The mechanism underlying the formation of emotional categories from visual facial expression data during development is largely unknown. As a result, from the standpoint of predictive processing theory, this study proposes a system-level explanation for understanding the facial emotion recognition process and its alteration in autism spectrum disorder (ASD). A hierarchical recurrent neural network was used to implement predictive processing for facial emotion recognition (RNN).
Face expressions are interpreted differently by people with an autism spectrum disorder. More information about how this occurs has been revealed by researchers. They created anomalies in a neural network model to investigate the effects on brain learning development. Autism spectrum disorder patients have difficulty interpreting facial expressions.
Tohoku University researchers have discovered how this happens by using a neural network model that simulates the brain on a computer. The findings were published in the journal Scientific Reports.
Artificial neural networks help researchers uncover new clues as to why people on the autism spectrum have trouble interpreting facial expressions.
“By observing facial expressions, humans can identify various emotions such as sadness and anger. However, little is known about how we learn to recognize different emotions based on visual cues from facial expressions “Yuta Takahashi, one of the paper’s co-authors, stated as much. “It’s also unclear what changes happen in this process that causes people with an autism spectrum disorder to struggle to read facial expressions.”
To learn more, the research team applied predictive processing theory. The brain, according to this theory, constantly predicts the next sensory stimulus and adapts when its prediction is incorrect. Sensory information, such as facial expressions, aids in prediction error reduction.
The predictive processing theory was incorporated into the artificial neural network model, which replicated the developmental process by learning to predict how parts of the face would move in videos of facial expression. Following that, the clusters of emotions self-organized into the higher level neuron space of the neural network model – despite the model not knowing which emotion the facial expression in the video corresponds to.

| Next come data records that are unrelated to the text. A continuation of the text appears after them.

(* Consider the distributed detection model in the context with $\alpha\le 0.5$. For $(P_{1,0},P_{0,1})\in[0,1]^2$ with $\alpha(P_{1,0}+P_{0,1})<1$, let $$T(P_{1,0},P_{0,1})=\frac{\ln\left[\frac{P_0}{P_1}\left(\frac{1-\pi_{1,0}}{1-\pi_{1,1}}\right)^{N}\right]}{\ln\left[\frac{\pi_{1,1}(1-\pi_{1,0})}{\pi_{1,0}(1-\pi_{1,1})}\right]},$$ and let $\Phi(P_{1,0},P_{0,1})$ denote the error probability $P_E$ of the $K$-out-of-$N$ fusion rule with $K=\lceil T(P_{1,0},P_{0,1})\rceil$. Then $\Phi$ is a monotonically increasing function of $P_{1,0}$ when $P_{0,1}$ is held fixed, and a monotonically increasing function of $P_{0,1}$ when $P_{1,0}$ is held fixed.
   Context: Binary hypothesis test between $H_0$ and $H_1$ with priors $P_0,P_1\in(0,1)$, $P_0+P_1=1$. There are $N$ sensors, each using the same fixed local threshold, so that conditionally on the hypothesis their local decisions $v_i\in\{0,1\}$ are i.i.d. with $P(v_i=1\mid H_1)=P_d$, $P(v_i=1\mid H_0)=P_f$, where $0<P_f<P_d<1$. Each sensor independently is Byzantine with probability $\alpha\in[0,1]$. Honest nodes send $u_i=v_i$; a Byzantine node sends $u_i=1$ with probability $P_{1,0}$ when $v_i=0$ and sends $u_i=0$ with probability $P_{0,1}$ when $v_i=1$. Hence conditionally on $H_j$ the $u_i$ are i.i.d. with $P(u_i=1\mid H_0)=\pi_{1,0}=\alpha(P_{1,0}(1-P_f)+(1-P_{0,1})P_f)+(1-\alpha)P_f$ and $P(u_i=1\mid H_1)=\pi_{1,1}=\alpha(P_{1,0}(1-P_d)+(1-P_{0,1})P_d)+(1-\alpha)P_d$. A $K$-out-of-$N$ fusion rule decides $H_1$ iff at least $K$ of the $u_i$ equal $1$; its error probability is $P_E=P_0Q_F+P_1(1-Q_D)$ with $Q_F=\sum_{i=K}^N\binom{N}{i}\pi_{1,0}^i(1-\pi_{1,0})^{N-i}$ and $Q_D=\sum_{i=K}^N\binom{N}{i}\pi_{1,1}^i(1-\pi_{1,1})^{N-i}$. The rule with $K=\lceil T\rceil$ is the optimal (MAP) fusion rule when $\alpha(P_{1,0}+P_{0,1})<1$. *)

theory Defs
  imports Complex_Main
begin

text \<open>Probability that a transmitted decision equals 1 under H0 (pi_{1,0}) and under H1 (pi_{1,1}).\<close>
definition pi10 :: "real \<Rightarrow> real \<Rightarrow> real \<Rightarrow> real \<Rightarrow> real" where
  "pi10 \<alpha> Pf P10 P01 = \<alpha> * (P10 * (1 - Pf) + (1 - P01) * Pf) + (1 - \<alpha>) * Pf"

definition pi11 :: "real \<Rightarrow> real \<Rightarrow> real \<Rightarrow> real \<Rightarrow> real" where
  "pi11 \<alpha> Pd P10 P01 = \<alpha> * (P10 * (1 - Pd) + (1 - P01) * Pd) + (1 - \<alpha>) * Pd"

definition thrT :: "nat \<Rightarrow> real \<Rightarrow> real \<Rightarrow> real \<Rightarrow> real \<Rightarrow> real \<Rightarrow> real \<Rightarrow> real" where
  "thrT N P0 \<alpha> Pd Pf P10 P01 =
     (let a = pi10 \<alpha> Pf P10 P01; b = pi11 \<alpha> Pd P10 P01 in
      ln ((P0 / (1 - P0)) * ((1 - a) / (1 - b)) ^ N) / ln ((b * (1 - a)) / (a * (1 - b))))"

definition tail_prob :: "nat \<Rightarrow> int \<Rightarrow> real \<Rightarrow> real" where
  "tail_prob N K p = (\<Sum>i\<in>{i. K \<le> int i \<and> i \<le> N}. real (N choose i) * p ^ i * (1 - p) ^ (N - i))"

definition PE :: "nat \<Rightarrow> int \<Rightarrow> real \<Rightarrow> real \<Rightarrow> real \<Rightarrow> real \<Rightarrow> real \<Rightarrow> real \<Rightarrow> real" where
  "PE N K P0 \<alpha> Pd Pf P10 P01 =
     P0 * tail_prob N K (pi10 \<alpha> Pf P10 P01) + (1 - P0) * (1 - tail_prob N K (pi11 \<alpha> Pd P10 P01))"

definition Phi :: "nat \<Rightarrow> real \<Rightarrow> real \<Rightarrow> real \<Rightarrow> real \<Rightarrow> real \<Rightarrow> real \<Rightarrow> real" where
  "Phi N P0 \<alpha> Pd Pf P10 P01 =
     PE N \<lceil>thrT N P0 \<alpha> Pd Pf P10 P01\<rceil> P0 \<alpha> Pd Pf P10 P01"

end

theory Submission imports Defs "HOL-Computational_Algebra.Polynomial" begin

text \<open>The threshold rule K = \<lceil>T\<rceil> is the MAP rule, so \<Phi> equals the Bayes risk
  sum over k of min (P0 B(k; pi10), P1 B(k; pi11)) of the binomial count, and any fixed
  K-out-of-N rule does no better. Writing c = \<alpha> P10 and d = \<alpha> P01, both transmission
  probabilities have the form c + x (1 - c - d); increasing c or d amounts to sending every
  reported bit through a further binary channel, independently across sensors. This garbles
  the count by a stochastic kernel, and a stochastic kernel cannot decrease a sum of minima.
  Hence the Bayes risk, and with it \<Phi>, can only grow.\<close>

definition binomial_prob :: "nat \<Rightarrow> real \<Rightarrow> nat \<Rightarrow> real" where
  "binomial_prob N p k = real (N choose k) * p ^ k * (1 - p) ^ (N - k)"

definition bayes_risk :: "nat \<Rightarrow> real \<Rightarrow> real \<Rightarrow> real \<Rightarrow> real" where
  "bayes_risk N P0 a b = (\<Sum>k\<le>N. min (P0 * binomial_prob N a k) ((1 - P0) * binomial_prob N b k))"

lemma sum_binomial_prob: "(\<Sum>k\<le>N. binomial_prob N p k) = 1"
  using binomial_ring[of p "1 - p" N] by (simp add: binomial_prob_def)

lemma tail_prob_eq_sum: "tail_prob N K p = (\<Sum>k\<le>N. if K \<le> int k then binomial_prob N p k else 0)"
proof -
  have "{i. K \<le> int i \<and> i \<le> N} = {k\<in>{..N}. K \<le> int k}" by auto
  then show ?thesis unfolding tail_prob_def binomial_prob_def
    by (simp add: sum.inter_filter[symmetric])
qed

lemma PE_eq_sum:
  "PE N K P0 \<alpha> Pd Pf P10 P01 =
    (\<Sum>k\<le>N. if K \<le> int k then P0 * binomial_prob N (pi10 \<alpha> Pf P10 P01) k
             else (1 - P0) * binomial_prob N (pi11 \<alpha> Pd P10 P01) k)"
proof -
  let ?b = "pi11 \<alpha> Pd P10 P01"
  have "1 - tail_prob N K ?b = (\<Sum>k\<le>N. binomial_prob N ?b k) - tail_prob N K ?b"
    by (simp add: sum_binomial_prob)
  also have "\<dots> = (\<Sum>k\<le>N. if K \<le> int k then 0 else binomial_prob N ?b k)"
    unfolding tail_prob_eq_sum sum_subtractf[symmetric] by (rule sum.cong) auto
  finally have "1 - tail_prob N K ?b = \<dots>" .
  then show ?thesis unfolding PE_def tail_prob_eq_sum
    by (auto simp add: sum_distrib_left sum.distrib[symmetric] intro!: sum.cong)
qed

lemma bayes_risk_le_PE:
  "bayes_risk N P0 (pi10 \<alpha> Pf P10 P01) (pi11 \<alpha> Pd P10 P01) \<le> PE N K P0 \<alpha> Pd Pf P10 P01"
  unfolding PE_eq_sum bayes_risk_def by (rule sum_mono) auto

Forecasting methods based on simple mathematical models of the brain are known as artificial neural networks. They permit complex nonlinear relationships to exist between the response variable and its predictors. The model was able to generalize unknown facial expressions that were not taught to it, reproducing facial part movements and minimizing prediction errors.
Following that, the researchers carried out experiments and induced abnormalities in the activity of neurons to investigate the effects on learning development and cognitive characteristics. When the heterogeneity of activity in the neural population was reduced in the model, the ability to generalize was also reduced, and thus the formation of emotional clusters in higher-level neurons was inhibited. This resulted in an inability to identify the emotion of unknown facial expressions, a symptom similar to autism spectrum disorder.
According to Takahashi, the study demonstrated that predictive processing theory, when combined with a neural network model, can explain emotion recognition from facial expressions. “We hope to gain a better understanding of how humans learn to recognize emotions and the cognitive characteristics of people with autism spectrum disorder,” Takahashi added. “The research will aid in the development of appropriate intervention methods for people who have difficulty identifying emotions.”
A neural network is trained by varying the weights of neuron inputs based on the network’s performance on example inputs. When the network correctly classifies an image, the weights contributing to the correct answer are increased, while the weights contributing to the incorrect answer are decreased.
The network learns by examining individual records, generating a prediction for each record, and adjusting the weights whenever a prediction is incorrect. This process is repeated many times, and the network keeps improving its predictions until one or more of the stopping criteria are met.